I agree that it isnt reommended, but can't always be helped, I used to work as cleaner. I personally didn't have a problem after using them. Sebo's, dysons, kirbys, hoovers, luxs etc.I'd always check the bag or bin whilst I was doing it and vac the area fast just to get the bits up. It was easy to tell if the carpet was too damp with a dyson as inside of the drum would become wet and day would stick to it. So it was always my last job, just incase it went a bit wrong I'd have to take the machine apart to dry. Never once has the carpet been so went for the vacuum to pull liquid into the motor.

The damp cause dust to stick to the insides of the machine, which then drys and starts to cause a build up which would new scraping out periodically.

Henry was much easier for jobs like this, so he was usually kept in the boot of my car!

Post# 168336 , Reply# 17   2/5/2012 at 00:01 (2,985 days old) by vacmaster0000 ()        

Nah, aslong as there isn't standing liquid, go for it. Once at a friends house, her mom poured bleach on the floor to mom, and didn't see it, ran over all of it, it turned out fine. Sounds normal, you'll be fine.

Post# 168406 , Reply# 18   2/5/2012 at 15:14 (2,984 days old) by floor-a-matic (somewhere)        

Use a wet/dry shop vacuum & a Turbocat! :)

The ORIGINAL Turbocat, NOT the new Turbocat EX or Zoom.

Post# 168412 , Reply# 19   2/5/2012 at 15:43 (2,984 days old) by jmurray01 (Scotland)        

jmurray01's profile picture
Can I please advise the original poster NOT to listen to that advice given by "vacmaster0000", as it isn't correct.

Vacuuming up anything other than a rain drop of water with your Vacuum Cleaner is dangerous to you and your cleaner.

Post# 168502 , Reply# 20   2/5/2012 at 23:13 (2,984 days old) by vacmaster0000 ()        
Excuse me?

Who the hell are you? A 7 year old kid who has 2 Hoover vacuums and thinks he can post on here 24/7? You make a hell of alot of threads, a drop of water will damage a machine? Hell no. Aslong as its not standing, or soaked, it's fine. And you shouldnt say ''not" to listen to a poster, one day your going to do it to the wrong person, I hope you do. Im just posting my 2 cents, there was no need to say not to listen to me, so really, back off. I never said vacuum up a damn pond.

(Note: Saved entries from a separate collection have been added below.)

(* Let $G$ be a finite simple undirected connected graph, and let $c:V(G)\to \mathbb{R}_{>0}$ and $\kappa:V(G)\to \mathbb{Z}$ be functions such that $0\leq \kappa(u)\leq d_G(u)$ for every vertex $u$ of $G$. Then $$\beta(G,c,\kappa) = \sum_{u\in V(G)} \frac{c(u)\big(d_G(u)-\kappa(u)\big)\big(d_G(u)-\kappa(u)+1\big)}{2(d_G(u)+1)}$$ holds if and only if one of the following holds: (i) $\kappa(u)=d_G(u)$ for every vertex $u$ of $G$; (ii) $c$ is constant on $V(G)$ and $\kappa(u)=0$ for every vertex $u$ of $G$; (iii) $G$ is a clique (complete graph), $c$ and $\kappa$ are constant on $V(G)$, and $0<\kappa(u)<d_G(u)$ for every vertex $u$ of $G$.
   Context: $d_G(u)$ denotes the degree of $u$ in $G$, and $[n]=\{1,\dots,n\}$. For a function $\lambda:V(G)\to\mathbb{Z}$, a set $I\subseteq V(G)$ is called $\lambda$-degenerate in $G$ if there is a linear ordering $u_1,\ldots,u_k$ of the vertices of $I$ such that for every $i\in[k]$, $u_i$ has at most $\lambda(u_i)$ neighbors in $\{u_j: j\in[i-1]\}$. Define $$\beta(G,c,\kappa)=\min\Big\{\sum_{u\in V(G)} c(u)\iota(u) : \iota:V(G)\to\mathbb{Z}_{\geq 0} \text{ and } V(G) \text{ is } (\kappa+\iota)\text{-degenerate in } G\Big\}.$$ (It is known that always $\beta(G,c,\kappa)$ is at most the right-hand side sum in the claim.) *)

theory Defs
  imports Complex_Main
begin

definition simple_graph :: "'a set \<Rightarrow> ('a \<Rightarrow> 'a \<Rightarrow> bool) \<Rightarrow> bool" where
  "simple_graph V E \<longleftrightarrow> finite V \<and> (\<forall>u v. E u v \<longrightarrow> u \<in> V \<and> v \<in> V)
     \<and> (\<forall>u v. E u v \<longrightarrow> E v u) \<and> (\<forall>u. \<not> E u u)"

definition graph_connected :: "'a set \<Rightarrow> ('a \<Rightarrow> 'a \<Rightarrow> bool) \<Rightarrow> bool" where
  "graph_connected V E \<longleftrightarrow> (\<forall>u\<in>V. \<forall>v\<in>V. E\<^sup>*\<^sup>* u v)"

definition degree :: "'a set \<Rightarrow> ('a \<Rightarrow> 'a \<Rightarrow> bool) \<Rightarrow> 'a \<Rightarrow> nat" where
  "degree V E u = card {v \<in> V. E u v}"

definition degenerate :: "('a \<Rightarrow> 'a \<Rightarrow> bool) \<Rightarrow> ('a \<Rightarrow> int) \<Rightarrow> 'a set \<Rightarrow> bool" where
  "degenerate E lam I \<longleftrightarrow> (\<exists>xs. distinct xs \<and> set xs = I \<and>
     (\<forall>i < length xs. int (card {v \<in> set (take i xs). E (xs ! i) v}) \<le> lam (xs ! i)))"

definition beta :: "'a set \<Rightarrow> ('a \<Rightarrow> 'a \<Rightarrow> bool) \<Rightarrow> ('a \<Rightarrow> real) \<Rightarrow> ('a \<Rightarrow> int) \<Rightarrow> real" where
  "beta V E c \<kappa> = Inf {(\<Sum>u\<in>V. c u * of_int (\<iota> u)) | \<iota>.
      (\<forall>u\<in>V. 0 \<le> \<iota> u) \<and> degenerate E (\<lambda>u. \<kappa> u + \<iota> u) V}"

end

theory Submission
  imports Defs "HOL-Combinatorics.Multiset_Permutations"
begin
lemma mem_coll_tensor:
  "(x, \<phi>, ys) \<in> fst (coll_tensor C X Y) \<longleftrightarrow>
     \<phi> \<in> Arr C \<and> x \<in> fst X \<and> snd X x = Cod C \<phi> \<and> length ys = Card C (Cod C \<phi>) \<and>
     (\<forall>i < length ys. ys ! i \<in> fst Y \<and> snd Y (ys ! i) = Fib C \<phi> i)"
  unfolding coll_tensor_def by simp

lemma snd_coll_tensor [simp]: "snd (coll_tensor C X Y) (x, \<phi>, ys) = Dom C \<phi>"
  unfolding coll_tensor_def by simp

lemma coll_unit_simps [simp]: "fst (coll_unit C) = {u. trivial C u}" "snd (coll_unit C) u = u"
  unfolding coll_unit_def by simp_all

lemma mem_coll_tensor_unit:
  "(u, \<phi>, xs) \<in> fst (coll_tensor C (coll_unit C) X) \<longleftrightarrow>
     \<phi> \<in> Arr C \<and> u = Cod C \<phi> \<and> trivial C u \<and> (\<exists>y. xs = [y] \<and> y \<in> fst X \<and> snd X y = Dom C \<phi>)"
  (is "?lhs \<longleftrightarrow> ?rhs")
proof
  assume ?lhs
  then have \<phi>: "\<phi> \<in> Arr C" "u = Cod C \<phi>" "trivial C u"
    and xs: "length xs = 1" "xs ! 0 \<in> fst X" "snd X (xs ! 0) = Fib C \<phi> 0"
    by (auto simp: mem_coll_tensor dest: trivialD)
  moreover have "xs = [xs ! 0]" using xs(1) by (cases xs) auto
  ultimately show ?rhs using trivialD(3)[OF \<phi>(3) \<phi>(1)] by metis
next
  assume ?rhs
  then show ?lhs by (auto simp: mem_coll_tensor dest: trivialD)
qed

lemma tensor_hom_apply [simp]: "tensor_hom f g (x, \<phi>, ys) = (f x, \<phi>, map g ys)"
  by (simp add: tensor_hom_def)

lemma coll_lambda_apply [simp]: "coll_lambda (u, \<phi>, xs) = xs ! 0"
  by (simp add: coll_lambda_def)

Post# 168509 , Reply# 21   2/6/2012 at 02:40 (2,984 days old) by jmurray01 (Scotland)        

jmurray01's profile picture
Excuse ME. I'm 16 years old, I own 8 Vacuum Cleaners, and I post often - Is it a crime ? If so, I am very sorry and I hand myself in for arrest.

Vacuuming up any amount of water is potentially dangerous - Just ask anybody who has had an electric shock from a Vacuum Cleaner.

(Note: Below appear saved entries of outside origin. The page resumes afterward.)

(* Let $\mathsf V$ be a quantale, $f:(X,a)\to(Y,b)$ a $\mathsf V$-functor and $s=(x_n)_{n\in\mathbb N}$ a Cauchy sequence in $X$; let $f(s)=(f(x_n))_{n\in\mathbb N}$. Then $\varphi_{f(s)}=f_*\cdot\varphi_s$ and $\psi_{f(s)}=\psi_s\cdot f^*$, i.e. for all $y\in Y$, $\varphi_{f(s)}(y)=\bigvee_{x\in X}\varphi_s(x)\otimes b(f(x),y)$ and $\psi_{f(s)}(y)=\bigvee_{x\in X}b(y,f(x))\otimes\psi_s(x)$.
   Context: A quantale $(\mathsf V,\otimes,k)$ is a complete anti-symmetric lattice with an associative, commutative operation $\otimes$ with neutral element $k$ distributing over arbitrary suprema. A $\mathsf V$-category $(X,a)$ is a set with $a:X\times X\to\mathsf V$ such that $k\le a(x,x)$ and $a(x,y)\otimes a(y,z)\le a(x,z)$; a $\mathsf V$-functor $f:(X,a)\to(Y,b)$ satisfies $a(x,y)\le b(f(x),f(y))$. A sequence $s=(x_n)$ in $(X,a)$ is Cauchy if $k\le\bigvee_{N}\bigwedge_{n,m\ge N}a(x_n,x_m)$; $\varphi_s(x)=\bigvee_N\bigwedge_{n\ge N}a(x_n,x)$ and $\psi_s(x)=\bigvee_N\bigwedge_{n\ge N}a(x,x_n)$ (similarly in $Y$ with $b$). *)

theory Defs
  imports Main
begin

definition quantale :: "('v::complete_lattice \<Rightarrow> 'v \<Rightarrow> 'v) \<Rightarrow> 'v \<Rightarrow> bool" where
  "quantale tens k \<longleftrightarrow>
     (\<forall>u v w. tens (tens u v) w = tens u (tens v w)) \<and>
     (\<forall>u v. tens u v = tens v u) \<and>
     (\<forall>u. tens k u = u) \<and>
     (\<forall>u S. tens u (Sup S) = (SUP v\<in>S. tens u v))"

definition V_category :: "('v::complete_lattice \<Rightarrow> 'v \<Rightarrow> 'v) \<Rightarrow> 'v \<Rightarrow> ('x \<Rightarrow> 'x \<Rightarrow> 'v) \<Rightarrow> bool" where
  "V_category tens k a \<longleftrightarrow>
     (\<forall>x. k \<le> a x x) \<and> (\<forall>x y z. tens (a x y) (a y z) \<le> a x z)"

definition V_functor :: "('x \<Rightarrow> 'x \<Rightarrow> 'v::complete_lattice) \<Rightarrow> ('y \<Rightarrow> 'y \<Rightarrow> 'v) \<Rightarrow> ('x \<Rightarrow> 'y) \<Rightarrow> bool" where
  "V_functor a b f \<longleftrightarrow> (\<forall>x y. a x y \<le> b (f x) (f y))"

definition cauchy_seq_V :: "'v::complete_lattice \<Rightarrow> ('x \<Rightarrow> 'x \<Rightarrow> 'v) \<Rightarrow> (nat \<Rightarrow> 'x) \<Rightarrow> bool" where
  "cauchy_seq_V k a s \<longleftrightarrow> k \<le> (SUP N. INF n\<in>{N..}. INF m\<in>{N..}. a (s n) (s m))"

definition phi_seq :: "('x \<Rightarrow> 'x \<Rightarrow> 'v::complete_lattice) \<Rightarrow> (nat \<Rightarrow> 'x) \<Rightarrow> 'x \<Rightarrow> 'v" where
  "phi_seq a s x = (SUP N. INF n\<in>{N..}. a (s n) x)"

definition psi_seq :: "('x \<Rightarrow> 'x \<Rightarrow> 'v::complete_lattice) \<Rightarrow> (nat \<Rightarrow> 'x) \<Rightarrow> 'x \<Rightarrow> 'v" where
  "psi_seq a s x = (SUP N. INF n\<in>{N..}. a x (s n))"

end

theory Submission
  imports Defs
begin

text \<open>Let \<open>g : X \<rightarrow> V\<close> satisfy \<open>a(x,x') \<otimes> g(x') \<le> g(x)\<close>. For a Cauchy sequence \<open>s\<close>,
  \<open>\<Squnion>\<^sub>x \<phi>\<^sub>s(x) \<otimes> g(x)\<close> is the liminf \<open>\<Squnion>\<^sub>N \<Sqinter>\<^sub>n\<^sub>\<ge>\<^sub>N g(x\<^sub>n)\<close>. The inequality \<open>\<le>\<close> needs only the condition
  on \<open>g\<close>. For \<open>\<ge>\<close>, write the liminf as \<open>k \<otimes> liminf\<close> and bound \<open>k\<close> by the Cauchy condition;
  since both factors are suprema of increasing sequences, the product is attained at a single late
  index \<open>L\<close>, where the first factor is below \<open>\<phi>\<^sub>s(x\<^sub>L)\<close> and the second below \<open>g(x\<^sub>L)\<close>.
  Taking \<open>g(x) = b(f x, y)\<close> gives the formula for \<open>\<phi>\<close>. Since \<open>\<psi>\<close> is \<open>\<phi>\<close> of the dual categories
  and \<open>\<otimes>\<close> is commutative, the formula for \<open>\<psi>\<close> follows from the same statement.\<close>

lemma quantale_commute: "quantale tens k \<Longrightarrow> tens u v = tens v u"
  unfolding quantale_def by blast

lemma quantale_unit: "quantale tens k \<Longrightarrow> tens k u = u"
  unfolding quantale_def by blast

lemma quantale_SUP_distrib_right:
  assumes "quantale tens k"
  shows "tens w (SUP i\<in>I. F i) = (SUP i\<in>I. tens w (F i))"
proof -
  have "tens w (Sup (F ` I)) = (SUP v\<in>F ` I. tens w v)"
    using assms unfolding quantale_def by blast
  then show ?thesis by (simp only: image_image)
qed

lemma quantale_SUP_distrib_left:
  assumes "quantale tens k"
  shows "tens (SUP i\<in>I. F i) w = (SUP i\<in>I. tens (F i) w)"
  by (simp only: quantale_commute[OF assms, of _ w] quantale_SUP_distrib_right[OF assms])

lemma quantale_mono:
  assumes q: "quantale tens k" and "u \<le> u'" "v \<le> v'"
  shows "tens u v \<le> tens u' v'"
proof -
  have right_mono: "tens w x \<le> tens w x'" if "x \<le> x'" for w x x'
  proof -
    have "tens w x' = tens w (SUP z\<in>{x, x'}. z)"
      using that by (simp add: sup_absorb2)
    also have "\<dots> = sup (tens w x) (tens w x')"
      using quantale_SUP_distrib_right[OF q, of w "\<lambda>z. z" "{x, x'}"] by simp
    finally show ?thesis by (metis sup.cobounded1)
  qed
  have "tens u v \<le> tens u v'" using right_mono \<open>v \<le> v'\<close> .
  also have "\<dots> = tens v' u" by (rule quantale_commute[OF q])
  also have "\<dots> \<le> tens v' u'" using right_mono \<open>u \<le> u'\<close> .
  also have "\<dots> = tens u' v'" by (rule quantale_commute[OF q])
  finally show ?thesis .
qed

lemma quantale_SUP_tens_incseq:
  fixes C D :: "'i::linorder \<Rightarrow> 'v::complete_lattice"
  assumes q: "quantale tens k" and "mono C" "mono D"
  shows "tens (SUP M. C M) (SUP N. D N) = (SUP L. tens (C L) (D L))"
proof (rule antisym)
  have "tens (C M) (D N) \<le> (SUP L. tens (C L) (D L))" for M N
  proof -
    have "tens (C M) (D N) \<le> tens (C (max M N)) (D (max M N))"
      using assms by (intro quantale_mono[OF q] monoD[of C] monoD[of D]) simp_all
    also have "\<dots> \<le> (SUP L. tens (C L) (D L))" by (rule SUP_upper) simp
    finally show ?thesis .
  qed
  then show "tens (SUP M. C M) (SUP N. D N) \<le> (SUP L. tens (C L) (D L))"
    by (simp add: quantale_SUP_distrib_left[OF q] quantale_SUP_distrib_right[OF q] SUP_least)
  show "(SUP L. tens (C L) (D L)) \<le> tens (SUP M. C M) (SUP N. D N)"
    by (intro SUP_least quantale_mono[OF q] SUP_upper) simp_all
qed

lemma mono_INF_atLeast: "mono (\<lambda>N. INF n\<in>{N..}. g n :: 'a::complete_lattice)"
  by (intro monoI INF_superset_mono) auto

lemma mono_INF_INF_atLeast:
  "mono (\<lambda>N. INF n\<in>{N..}. INF m\<in>{N..}. a (s n) (s m) :: 'a::complete_lattice)"
  by (intro monoI INF_superset_mono) auto

lemma INF_INF_atLeast_le_phi_seq:
  "(INF n\<in>{N..}. INF m\<in>{N..}. a (s n) (s m)) \<le> phi_seq a s (s N)"
proof -
  have "(INF n\<in>{N..}. INF m\<in>{N..}. a (s n) (s m)) \<le> (INF n\<in>{N..}. a (s n) (s N))"
    by (intro INF_mono) (auto intro: INF_lower)
  also have "\<dots> \<le> phi_seq a s (s N)"
    unfolding phi_seq_def by (rule SUP_upper) simp
  finally show ?thesis .
qed

lemma SUP_phi_seq_tens_le_liminf:
  assumes q: "quantale tens k"
    and g: "\<And>x x'. tens (a x x') (g x') \<le> g x"
  shows "(SUP x. tens (phi_seq a s x) (g x)) \<le> (SUP N. INF n\<in>{N..}. g (s n))"
proof (rule SUP_least)
  fix x
  have "tens (INF n\<in>{N..}. a (s n) x) (g x) \<le> g (s n)" if "n \<in> {N..}" for N n
  proof -
    have "tens (INF n\<in>{N..}. a (s n) x) (g x) \<le> tens (a (s n) x) (g x)"
      using that by (intro quantale_mono[OF q] INF_lower) simp_all
    also have "\<dots> \<le> g (s n)" by (rule g)
    finally show ?thesis .
  qed
  then have "tens (INF n\<in>{N..}. a (s n) x) (g x) \<le> (INF n\<in>{N..}. g (s n))" for N
    by (rule INF_greatest)
  then show "tens (phi_seq a s x) (g x) \<le> (SUP N. INF n\<in>{N..}. g (s n))"
    unfolding phi_seq_def quantale_SUP_distrib_left[OF q] by (rule SUP_mono')
qed

lemma liminf_le_SUP_phi_seq_tens:
  assumes q: "quantale tens k" and cauchy: "cauchy_seq_V k a s"
  shows "(SUP N. INF n\<in>{N..}. g (s n)) \<le> (SUP x. tens (phi_seq a s x) (g x))"
proof -
  define C where "C N = (INF n\<in>{N..}. INF m\<in>{N..}. a (s n) (s m))" for N
  define D where "D N = (INF n\<in>{N..}. g (s n))" for N
  have "(SUP N. D N) = tens k (SUP N. D N)"
    by (simp add: quantale_unit[OF q])
  also have "\<dots> \<le> tens (SUP N. C N) (SUP N. D N)"
    using cauchy unfolding cauchy_seq_V_def C_def by (intro quantale_mono[OF q]) simp_all
  also have "\<dots> = (SUP L. tens (C L) (D L))"
    unfolding C_def D_def
    by (rule quantale_SUP_tens_incseq[OF q mono_INF_INF_atLeast mono_INF_atLeast])
  also have "\<dots> \<le> (SUP L. tens (phi_seq a s (s L)) (g (s L)))"
  proof (intro SUP_mono' quantale_mono[OF q])
    show "C L \<le> phi_seq a s (s L)" for L
      unfolding C_def by (rule INF_INF_atLeast_le_phi_seq)
    show "D L \<le> g (s L)" for L
      unfolding D_def by (rule INF_lower) simp
  qed
  also have "\<dots> \<le> (SUP x. tens (phi_seq a s x) (g x))"
    by (intro SUP_least SUP_upper) simp
  finally show ?thesis unfolding D_def .
qed

lemma SUP_phi_seq_tens_eq_liminf:
  assumes "quantale tens k" and "cauchy_seq_V k a s"
    and "\<And>x x'. tens (a x x') (g x') \<le> g x"
  shows "(SUP x. tens (phi_seq a s x) (g x)) = (SUP N. INF n\<in>{N..}. g (s n))"
  using assms by (intro antisym SUP_phi_seq_tens_le_liminf liminf_le_SUP_phi_seq_tens)

lemma psi_seq_eq_phi_seq_dual: "psi_seq a s = phi_seq (\<lambda>x y. a y x) s"
  unfolding psi_seq_def phi_seq_def ..

lemma cauchy_seq_V_dual: "cauchy_seq_V k a s \<Longrightarrow> cauchy_seq_V k (\<lambda>x y. a y x) s"
  unfolding cauchy_seq_V_def by (subst INF_commute)

lemma V_functor_tens_le_left:
  assumes q: "quantale tens k" and "V_category tens k b" and "V_functor a b f"
  shows "tens (a x x') (b (f x') y) \<le> b (f x) y"
proof -
  have "tens (a x x') (b (f x') y) \<le> tens (b (f x) (f x')) (b (f x') y)"
    using \<open>V_functor a b f\<close> unfolding V_functor_def by (intro quantale_mono[OF q]) simp_all
  also have "\<dots> \<le> b (f x) y"
    using \<open>V_category tens k b\<close> unfolding V_category_def by blast
  finally show ?thesis .
qed

lemma V_functor_tens_le_right:
  assumes q: "quantale tens k" and "V_category tens k b" and "V_functor a b f"
  shows "tens (a x' x) (b y (f x')) \<le> b y (f x)"
proof -
  have "tens (a x' x) (b y (f x')) \<le> tens (b (f x') (f x)) (b y (f x'))"
    using \<open>V_functor a b f\<close> unfolding V_functor_def by (intro quantale_mono[OF q]) simp_all
  also have "\<dots> = tens (b y (f x')) (b (f x') (f x))" by (rule quantale_commute[OF q])
  also have "\<dots> \<le> b y (f x)"
    using \<open>V_category tens k b\<close> unfolding V_category_def by blast
  finally show ?thesis .
qed

theorem lemma3p14:
  fixes tens :: "'v::complete_lattice \<Rightarrow> 'v \<Rightarrow> 'v" and k :: 'v
    and a :: "'x \<Rightarrow> 'x \<Rightarrow> 'v" and b :: "'y \<Rightarrow> 'y \<Rightarrow> 'v"
    and f :: "'x \<Rightarrow> 'y" and s :: "nat \<Rightarrow> 'x"
  assumes "quantale tens k"
    and "V_category tens k a" and "V_category tens k b"
    and "V_functor a b f"
    and "cauchy_seq_V k a s"
  shows "(\<forall>y. phi_seq b (f \<circ> s) y = (SUP x. tens (phi_seq a s x) (b (f x) y))) \<and>
         (\<forall>y. psi_seq b (f \<circ> s) y = (SUP x. tens (b y (f x)) (psi_seq a s x)))"
proof (intro conjI allI)
  fix y
  show "phi_seq b (f \<circ> s) y = (SUP x. tens (phi_seq a s x) (b (f x) y))"
    using SUP_phi_seq_tens_eq_liminf[OF assms(1,5) V_functor_tens_le_left[OF assms(1,3,4)]]
    by (simp add: phi_seq_def)
  have "(SUP x. tens (psi_seq a s x) (b y (f x))) = psi_seq b (f \<circ> s) y"
    using SUP_phi_seq_tens_eq_liminf[OF assms(1) cauchy_seq_V_dual[OF assms(5)]
        V_functor_tens_le_right[OF assms(1,3,4)]]
    by (simp add: psi_seq_eq_phi_seq_dual phi_seq_def)
  then show "psi_seq b (f \<circ> s) y = (SUP x. tens (b y (f x)) (psi_seq a s x))"
    by (simp add: quantale_commute[OF assms(1)])
qed

end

I wasn't starting a fight, I was just saying that what you said was, in my opinion, wrong.

I just don't want somebody or their vacuum being damaged.

Post# 168519 , Reply# 22   2/6/2012 at 04:09 (2,984 days old) by vacmaster0000 ()        

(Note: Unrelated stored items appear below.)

text \<open>First-step analysis: condition on the size k of the first jump.\<close>
lemma EK1_first_step:
  assumes m: "1 \<le> m"
  shows "EK1 \<nu> m = (\<Sum>k=1..m. pmf (jump_pmf \<nu> m) k * ((if k = 1 then 1 else 0) + EK1 \<nu> (m - k)))"
proof -
  let ?ones = "\<lambda>ks. real (length (filter (\<lambda>k. k = 1) ks))"
  have "EK1 \<nu> m = measure_pmf.expectation
      (jump_pmf \<nu> m \<bind> (\<lambda>k. map_pmf (Cons k) (jumps_pmf \<nu> (m - max 1 k)))) ?ones"
    unfolding EK1_def using m by (subst jumps_pmf.simps) simp
  also have "\<dots> = (\<Sum>k\<in>{1..m}. pmf (jump_pmf \<nu> m) k *\<^sub>R
      measure_pmf.expectation (map_pmf (Cons k) (jumps_pmf \<nu> (m - max 1 k))) ?ones)"
    by (rule pmf_expectation_bind) (use set_jump[OF m] finite_jumps in auto)
  also have "\<dots> = (\<Sum>k=1..m. pmf (jump_pmf \<nu> m) k * ((if k = 1 then 1 else 0) + EK1 \<nu> (m - k)))"
  proof (rule sum.cong[OF refl])
    fix k assume k: "k \<in> {1..m}"
    have "measure_pmf.expectation (map_pmf (Cons k) (jumps_pmf \<nu> (m - max 1 k))) ?ones
        = measure_pmf.expectation (jumps_pmf \<nu> (m - k)) (\<lambda>ks. (if k = 1 then 1 else 0) + ?ones ks)"
      using k by (simp add: max_def)
    also have "\<dots> = (if k = 1 then 1 else 0) + EK1 \<nu> (m - k)"
      unfolding EK1_def
      by (subst Bochner_Integration.integral_add)
        (auto intro: integrable_measure_pmf_finite finite_jumps)
    finally show "pmf (jump_pmf \<nu> m) k *\<^sub>R
        measure_pmf.expectation (map_pmf (Cons k) (jumps_pmf \<nu> (m - max 1 k))) ?ones
      = pmf (jump_pmf \<nu> m) k * ((if k = 1 then 1 else 0) + EK1 \<nu> (m - k))"
      by simp
  qed
  finally show ?thesis .
qed

text \<open>Dividing the drift inequality by q_m \<Phi>(1) shows \<Phi>/\<Phi>(1) is a supersolution.\<close>
lemma Phi_supersolution:
  assumes m: "1 \<le> m"
  shows "(\<Sum>k=1..m. pmf (jump_pmf \<nu> m) k * ((if k = 1 then 1 else 0) + Phi \<nu> (m - k) / Phi \<nu> 1))
    \<le> Phi \<nu> m / Phi \<nu> 1"
proof -
  let ?q = "qrate \<nu> m" and ?P1 = "Phi \<nu> 1"
  have pos: "0 < ?q * ?P1" using qrate_pos[OF m] Phi_1_pos by simp
  have "(\<Sum>k=1..m. pmf (jump_pmf \<nu> m) k * ((if k = 1 then 1 else 0) + Phi \<nu> (m - k) / ?P1))
      = (\<Sum>k=1..m. (if k = 1 then phi \<nu> m 1 * ?P1 else 0) + phi \<nu> m k * Phi \<nu> (m - k)) / (?q * ?P1)"
    unfolding sum_divide_distrib using qrate_pos[OF m] Phi_1_pos
    by (intro sum.cong refl) (auto simp: pmf_jump[OF m] field_simps)
  also have "\<dots> = (phi \<nu> m 1 * ?P1 + (\<Sum>k=1..m. phi \<nu> m k * Phi \<nu> (m - k))) / (?q * ?P1)"
    using m by (simp add: sum.distrib)
  also have "\<dots> \<le> (?q * Phi \<nu> m) / (?q * ?P1)"
    using drift_inequality pos by (intro divide_right_mono) auto
  also have "\<dots> = Phi \<nu> m / ?P1"
    using qrate_pos[OF m] by simp
  finally show ?thesis .
qed

lemma EK1_le_Phi: "EK1 \<nu> n \<le> Phi \<nu> n / Phi \<nu> 1"
proof (rule supersolution_bound[where E = "EK1 \<nu>" and F = "\<lambda>n. Phi \<nu> n / Phi \<nu> 1"
      and p = "\<lambda>m k. pmf (jump_pmf \<nu> m) k"
      and r = "\<lambda>m k. if k = 1 then 1 else 0"])
  show "EK1 \<nu> 0 \<le> Phi \<nu> 0 / Phi \<nu> 1"
    by (simp add: EK1_0 Phi_def)
  show "EK1 \<nu> m = (\<Sum>k=1..m. pmf (jump_pmf \<nu> m) k * ((if k = 1 then 1 else 0) + EK1 \<nu> (m - k)))"
    if "1 \<le> m" for m
    using EK1_first_step[OF that] .
  show "(\<Sum>k=1..m. pmf (jump_pmf \<nu> m) k * ((if k = 1 then 1 else 0) + Phi \<nu> (m - k) / Phi \<nu> 1))
      \<le> Phi \<nu> m / Phi \<nu> 1" if "1 \<le> m" for m
    using Phi_supersolution[OF that] .
qed simp

end

theorem mainTheorem10:
  fixes \<nu> :: "real measure"
  assumes "sets \<nu> = sets borel"
    and "emeasure \<nu> (- {0<..<1}) = 0"
    and "emeasure \<nu> {0<..<1} \<noteq> 0"
    and "(\<integral>\<^sup>+ x. ennreal x \<partial>\<nu>) < \<infinity>"
  shows "\<exists>c>0. \<forall>n::nat. EK1 \<nu> n \<le> c * Phi \<nu> n"
proof -
  interpret jump_measure \<nu>
    using assms by unfold_locales
  have "0 < 1 / Phi \<nu> 1" and "\<forall>n. EK1 \<nu> n \<le> 1 / Phi \<nu> 1 * Phi \<nu> n"
    using Phi_1_pos EK1_le_Phi by auto
  then show ?thesis by blast
qed

end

I see what you mean there, it's just really, that was uncalled for, if you disagreed with my comment, then there was no need to say it. It you don't have anything nice to say, keep it yourself, okay? And he'll be fine, aslong as he's not sweeping up soaked, or damp surfaces, he'll be okay.. I don't want no body getting hurt either. But really, it's not alot of water.

Post# 168586 , Reply# 23   2/6/2012 at 16:03 (2,983 days old) by markus79 (Finland)        
look this vac

Volta Bolido water vacuuming. I think this vacuum sold with Eureka brand also



Post# 168592 , Reply# 24   2/6/2012 at 16:45 (2,983 days old) by danemodsandy ()        
In Jamie's Defense (Defence):

Vacuum cleaners run on 240 volts where he's from, so anything that might cause a shock here could weld you to the wall where he is. Sounds like he's just operating out of an abundance of caution.

Post# 168612 , Reply# 25   2/6/2012 at 20:16 (2,983 days old) by vacmaster0000 ()        
Aw yeah

That's true. Well idk.

Post# 168630 , Reply# 26   2/6/2012 at 23:01 (2,983 days old) by Sanifan ()        

Is the Turbocat better than your run-of-the-mill turbo brush?

If it's good, a Turbocat and a wet dry vac sound like a good combo.